Receive payments for exports

Receiving prompt payment for your exported goods is key to maintaining positive cash flow for your business. Your international buyer, on the other hand, is more interested in receiving the right goods on time and delaying payment for as long as possible. To keep both parties satisfied, the terms of payment should be agreed in advance.

The main methods of payment for international transactions include:

  • Payment in advance
  • Letters of credit - confirmed and unconfirmed
  • Documentary collections - against payment/against acceptance
  • Consignment
  • Open account

Payment in advance

This is the least risky payment method for exporters, but can sometimes prove too expensive and risky for international buyers.
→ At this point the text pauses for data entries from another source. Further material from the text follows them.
(* Let $R$ be a commutative unital ring. Then the following are equivalent: (i) $\operatorname{sr}(R) \le 2$; (ii) for every ideal $I$ of $R$, the natural map $\operatorname{SL}_2(R) \to \operatorname{SL}_2(R/I)$ is surjective; (iii) for every ideal $I$ of $R$ and every $n \ge 2$, the natural map $\operatorname{SL}_n(R) \to \operatorname{SL}_n(R/I)$ is surjective.
   Context: A row $(r_1,\dots,r_n)\in R^n$ is unimodular if $\sum_i R r_i = R$; $\operatorname{Um}_n(R)$ is the set of such rows. A row $(r_1,\dots,r_{n+1})\in\operatorname{Um}_{n+1}(R)$ ($n>0$) is stable if there exist $s_1,\dots,s_n\in R$ with $(r_1+s_1r_{n+1},\dots,r_n+s_nr_{n+1})\in\operatorname{Um}_n(R)$. An integer $n>0$ lies in the stable range of $R$ if every row in $\operatorname{Um}_{n+1}(R)$ is stable; the Bass stable rank $\operatorname{sr}(R)$ is the least integer in the stable range of $R$ (and $\infty$ if there is none). *)

theory Defs
  imports "Jordan_Normal_Form.Determinant" "HOL-Library.Extended_Nat"
begin

text \<open>Rows of length n are functions nat => 'a, only the entries with index < n matter.
  A row r of length n is unimodular iff the ideal generated by r 0, ..., r (n-1) is the whole ring.\<close>
definition unimodular :: "nat \<Rightarrow> (nat \<Rightarrow> 'a::comm_ring_1) \<Rightarrow> bool" where
  "unimodular n r \<longleftrightarrow> (\<exists>c. (\<Sum>i<n. c i * r i) = 1)"

text \<open>A row (r 0, ..., r n) of length n+1 is stable.\<close>
definition stable_row :: "nat \<Rightarrow> (nat \<Rightarrow> 'a::comm_ring_1) \<Rightarrow> bool" where
  "stable_row n r \<longleftrightarrow> (\<exists>s. unimodular n (\<lambda>i. r i + s i * r n))"

definition in_stable_range :: "'a::comm_ring_1 itself \<Rightarrow> nat \<Rightarrow> bool" where
  "in_stable_range _ n \<longleftrightarrow> n > 0 \<and>
     (\<forall>r :: nat \<Rightarrow> 'a. unimodular (Suc n) r \<longrightarrow> stable_row n r)"

definition stable_rank :: "'a::comm_ring_1 itself \<Rightarrow> enat" where
  "stable_rank T = (if \<exists>n. in_stable_range T n
      then enat (LEAST n. in_stable_range T n) else \<infinity>)"

definition ring_ideal :: "'a::comm_ring_1 set \<Rightarrow> bool" where
  "ring_ideal I \<longleftrightarrow> 0 \<in> I \<and> (\<forall>x\<in>I. \<forall>y\<in>I. x + y \<in> I) \<and> (\<forall>r. \<forall>x\<in>I. r * x \<in> I)"

text \<open>Surjectivity of the natural map SL_n(R) -> SL_n(R/I), written out on representatives:
  every n x n matrix over R whose determinant is 1 modulo I (i.e. every element of SL_n(R/I),
  lifted entrywise) is congruent modulo I entrywise to a matrix of determinant 1.\<close>
definition SL_reduction_surj :: "'a::comm_ring_1 set \<Rightarrow> nat \<Rightarrow> bool" where
  "SL_reduction_surj I n \<longleftrightarrow>
     (\<forall>A \<in> carrier_mat n n. det A - 1 \<in> I \<longrightarrow>
        (\<exists>B \<in> carrier_mat n n. det B = 1 \<and> (\<forall>i<n. \<forall>j<n. B $$ (i,j) - A $$ (i,j) \<in> I)))"

end

theory Submission
  imports Defs
begin

(* (i) implies (ii): if det A = 1 + e with e in I, Laplace expansion shows that the last column
   of A together with e is unimodular; stabilising it changes A modulo I into a matrix whose last
   column (b, d) satisfies p0 b + p1 d = 1, and adding f (-p1, p0) to the first column, where
   f in I is the remaining defect of the determinant, yields determinant 1.
   (ii) implies (i): given x0 r0 + x1 r1 + x2 r2 = 1, the matrix with rows (r0, r1), (-x1, x0)
   has determinant 1 modulo (r2); the first row of a lift to SL_2(R) is a stabilisation of
   (r0, r1, r2), and its second row certifies that it is unimodular.
   (ii) implies (iii) by induction on n, as the stable range is upward closed: the last column
   is made unimodular modulo I as before, then turned into the last unit vector by row additions
   (this uses n - 1 in the stable range), which preserve the determinant and liftability, and
   the remaining (n-1) x (n-1) block is lifted by induction. *)

lemma ring_ideal_zero: "ring_ideal I \<Longrightarrow> 0 \<in> I"
  unfolding ring_ideal_def by blast
(* Let $S$ be an $\mathcal L$-definable set and $n\ge 1$. Let $\Delta_n=\{(\lambda,\dots,\lambda)\in\mathbb Z^n:\lambda\in\mathbb N\}$ (with $\mathbb N=\{0,1,2,\dots\}$). Then in the ring $R_S$, $$(p^n-1)\cdot[P(S\times\Delta_n)]=1.$$
   Context: Fix a prime $p$. $\mathcal L=\{+,\cdot,\mathcal O\}$ is the language of valued fields (ring operations and a unary predicate interpreted as the valuation ring $\mathbb Z_p$). An $\mathcal L$-definable set is a subset of some $\mathbb Q_p^n$ defined by a parameter-free $\mathcal L$-formula; a function is $\mathcal L$-definable if its graph is. $\mu$ denotes the Haar measure on $\mathbb Q_p^n$ normalized so that $\mu(\mathbb Z_p^n)=1$. For $X\subseteq S\times\mathbb Q_p^n$ and $s\in S$ write $X_s=\{x\in\mathbb Q_p^n:(s,x)\in X\}$. Definition of $R_S$: $R_S$ is the abelian group generated by symbols $[X]$, for all $\mathcal L$-definable $X\subseteq S\times\mathbb Q_p^n$ ($n\ge 0$ arbitrary) such that $\mu(X_s)<\infty$ for all $s\in S$, modulo the relations: (R1) $[X_1\cup X_2]=[X_1]+[X_2]$ for disjoint such $X_1,X_2\subseteq S\times\mathbb Q_p^n$; (R2) $[X]=0$ whenever $X\subseteq S\times\mathbb Q_p^n$ and $\dim X_s<n$ for every $s\in S$; (R3) $[X]=[Y]$ whenever $X,Y\subseteq S\times\mathbb Q_p^n$ and there is an $\mathcal L$-definable bijection $\phi:X\to Y$ inducing for each $s\in S$ a bijection $\phi_s:X_s\to Y_s$ such that $X_s,Y_s$ are open in $\mathbb Q_p^n$, $\phi_s$ is $C^1$, and the $p$-adic norm of the Jacobian determinant of $\phi_s$ equals $1$ everywhere; (R4) $[X]=[X\times\mathbb Z_p]$ for every such $X$. $R_S$ is a commutative ring with unit $1=[S\times\mathbb Z_p]$ and multiplication $[X]\cdot[Y]=[X\times_S Y]$, where $X\times_S Y=\{(s,x,y): s\in S, x\in X_s, y\in Y_s\}$; integers are identified with their images in $R_S$. Angular component: for $x\in\mathbb Q_p^\times$, $\mathrm{ac}(x)=xp^{-v(x)}\bmod p\mathbb Z_p\in\mathbb F_p$, and $\mathrm{ac}(0)=0$; $v$ is the $p$-adic valuation, and $v(x)=(v(x_1),\dots,v(x_n))$ for tuples. For $\Lambda\subseteq S\times\mathbb Z^n$ (definable after identifying $\mathbb Z$ with the value group), $P(\Lambda)\subseteq S\times\mathbb Q_p^n$ is given by $P(\Lambda)_s=\{x\in\mathbb Q_p^n:\mathrm{ac}(x_1)=\dots=\mathrm{ac}(x_n)=1,\ v(x)\in\Lambda_s\}$. *)

theory Defs
  imports "HOL-Analysis.Analysis"
begin
(* If $T\in\mathcal{T}_3$ is a tree with $n\ge 30$ vertices, then either there is an edge $e$ of $T$ with $2\alpha(T,e)\ge n\,\bar{\alpha}(T,e)$, or there is an internal vertex $v$ of $T$ with $2\alpha(T,v)\ge n\,\bar{\alpha}(T,v)$.
   Context: A leaf is a vertex of degree at most 1; an internal vertex has degree at least 2. $\mathcal{T}_3$ is the set of finite trees with at least one internal vertex in which every internal vertex has degree at least 3. A subtree is a nonempty vertex set inducing a connected subgraph. For a vertex $v$, $\alpha(T,v)$ and $\bar{\alpha}(T,v)$ are the numbers of subtrees of $T$ containing and not containing $v$, respectively; for an edge $e$, $\alpha(T,e)$ and $\bar{\alpha}(T,e)$ are the numbers of subtrees containing and not containing $e$ (i.e. containing both endpoints of $e$, or not). *)

theory Defs
  imports Main
begin

definition simple_graph :: "'a set \<Rightarrow> 'a set set \<Rightarrow> bool" where
  "simple_graph V E \<longleftrightarrow> finite V \<and> (\<forall>e\<in>E. \<exists>u v. e = {u, v} \<and> u \<noteq> v \<and> u \<in> V \<and> v \<in> V)"

definition adj_in :: "'a set set \<Rightarrow> 'a set \<Rightarrow> 'a \<Rightarrow> 'a \<Rightarrow> bool" where
  "adj_in E S u v \<longleftrightarrow> u \<in> S \<and> v \<in> S \<and> {u, v} \<in> E"

definition induces_connected :: "'a set set \<Rightarrow> 'a set \<Rightarrow> bool" where
  "induces_connected E S \<longleftrightarrow> (\<forall>x\<in>S. \<forall>y\<in>S. (adj_in E S)\<^sup>*\<^sup>* x y)"

definition is_tree :: "'a set \<Rightarrow> 'a set set \<Rightarrow> bool" where
  "is_tree V E \<longleftrightarrow> simple_graph V E \<and> V \<noteq> {} \<and> induces_connected E V \<and> card E = card V - 1"

definition degree :: "'a set set \<Rightarrow> 'a \<Rightarrow> nat" where
  "degree E v = card {e\<in>E. v \<in> e}"

definition internal :: "'a set set \<Rightarrow> 'a \<Rightarrow> bool" where
  "internal E v \<longleftrightarrow> degree E v \<ge> 2"

definition in_T3 :: "'a set \<Rightarrow> 'a set set \<Rightarrow> bool" where
  "in_T3 V E \<longleftrightarrow> is_tree V E \<and> (\<exists>v\<in>V. internal E v) \<and> (\<forall>v\<in>V. internal E v \<longrightarrow> degree E v \<ge> 3)"

definition subtrees :: "'a set \<Rightarrow> 'a set set \<Rightarrow> 'a set set" where
  "subtrees V E = {S. S \<subseteq> V \<and> S \<noteq> {} \<and> induces_connected E S}"

definition alpha_v :: "'a set \<Rightarrow> 'a set set \<Rightarrow> 'a \<Rightarrow> nat" where
  "alpha_v V E v = card {S\<in>subtrees V E. v \<in> S}"

definition alpha_bar_v :: "'a set \<Rightarrow> 'a set set \<Rightarrow> 'a \<Rightarrow> nat" where
  "alpha_bar_v V E v = card {S\<in>subtrees V E. v \<notin> S}"

definition alpha_e :: "'a set \<Rightarrow> 'a set set \<Rightarrow> 'a set \<Rightarrow> nat" where
  "alpha_e V E e = card {S\<in>subtrees V E. e \<subseteq> S}"

definition alpha_bar_e :: "'a set \<Rightarrow> 'a set set \<Rightarrow> 'a set \<Rightarrow> nat" where
  "alpha_bar_e V E e = card {S\<in>subtrees V E. \<not> e \<subseteq> S}"

end

theory Submission
  imports Defs "HOL-Library.FuncSet"
begin

text \<open>For an edge {b, c}, let the branch at c seen from b be the component of T - b containing
  c, with r(b, c) subtrees containing c, N(b, c) subtrees in total and m(b, c) vertices. Cutting
  a subtree at its root gives r(b, c) = \<Prod>(1 + r(c, c')) and N(b, c) = r(b, c) + \<Sum>N(c, c')
  over the children c' of c; since in T3 no vertex has exactly one child, induction yields
  N \<le> 2r - 1 and 2^(m+1) \<le> (r+1)^2. Likewise \<alpha>(T, v) = \<Prod>(1 + r(v, u)) and
  \<bar>\<alpha>(T, v) = \<Sum>N(v, u) over the neighbours u of v.

  Take an internal v maximising \<alpha>(T, v), of degree d. If every r(v, u) < 2n, then
  \<bar>\<alpha> \<le> 4dn while \<alpha>^2 \<ge> 2^(n-1+d), and 2^(n-1+d) \<ge> (2n^2 d)^2 once n \<ge> 30. Otherwise
  some x = r(v, u) \<ge> 2n; then u is internal and with y = r(u, v) we have \<alpha>(T, v) = (1 + x) y
  and \<alpha>(T, u) = (1 + y) x, so maximality gives x \<le> y, and \<bar>\<alpha>(T, v) + y = N(v, u) + N(u, v)
  gives n \<bar>\<alpha> \<le> n (2x + y) \<le> 2(1 + x) y = 2\<alpha>.\<close>

lemma adj_in_sym: "adj_in E S a b \<Longrightarrow> adj_in E S b a"
  unfolding adj_in_def by (simp add: insert_commute)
Be wary of insisting on payment in advance - if your competitors' payments terms are more attractive your potential buyer may go elsewhere. If, however, the products to be exported require specialised, lengthy or capital-intensive manufacturing then it is reasonable to ask for (at least) partial payment in advance.

Letters of credit

Letters of credit, issued by banks on behalf of buyers, are a popular and internationally recognised method of payment. They represent the bank's assurance to pay the exporter, provided the specified conditions are met, and act as security for both parties.

Once the letter of credit has been drawn up, the importer instructs the bank to transfer payment to the exporter's bank. The exporter then dispatches the goods, and passes the invoice and shipping documents to the bank in order to receive payment. However note that unless the letter of credit is confirmed in UK, the exporter may have to wait some days and possibly weeks to receive payment from overseas which can have serious implications on cash flow.

The letter of credit ensures that:

  • Payment to the exporter will only be made after the terms of the agreement have been met
  • The documents, which have been reviewed by the bank's experienced staff, are strictly in accordance with the letter of credit
  • The exporter is assured of the importer's ability to pay and, as a result, a better price and more advantageous terms of payment may be offered

Documentary collection

A documentary collection involves the exporter issuing a bill of exchange to the importer. The buyer pays the agreed amount either on sight or on a specified date in the future in accordance with the terms of the bill of exchange. The exporter's bank, acting as an intermediary, transfers ownership of the goods to the importer by passing documents of title, usually the bill of lading.

This method of payment is riskier than using a letter of credit because a bank does not guarantee the bill of exchange. Also, if the buyer defaults on payment the exporter may have to pursue collection through the courts.


When goods are exported subject to consignment, the exporter only receives payment on completed sales. Any unsold items may be returned to the exporter, usually at their expense.

Clearly this method of payment poses a high risk to the exporter, as there is generally no way of predicting when (if ever) the goods will be sold and thus receiving payment.

Open account

Offering importers an open account means that the goods will be manufactured and delivered upon receipt of a purchase order. The exporter then normally raises an invoice to the buyer before or at the time goods are despatched with payment terms set at a number of days (e.g. 14, 30 or 60 days). If the invoice isn't available at the time the goods are despatched customs clearance may be a problem.

This method of payment is the most attractive to importers, but can be risky for exporters. Consider offering an open account if you've developed a relationship with the buyer, they are creditworthy and the export country is politically and economically stable. You must have absolute trust in that you will be paid.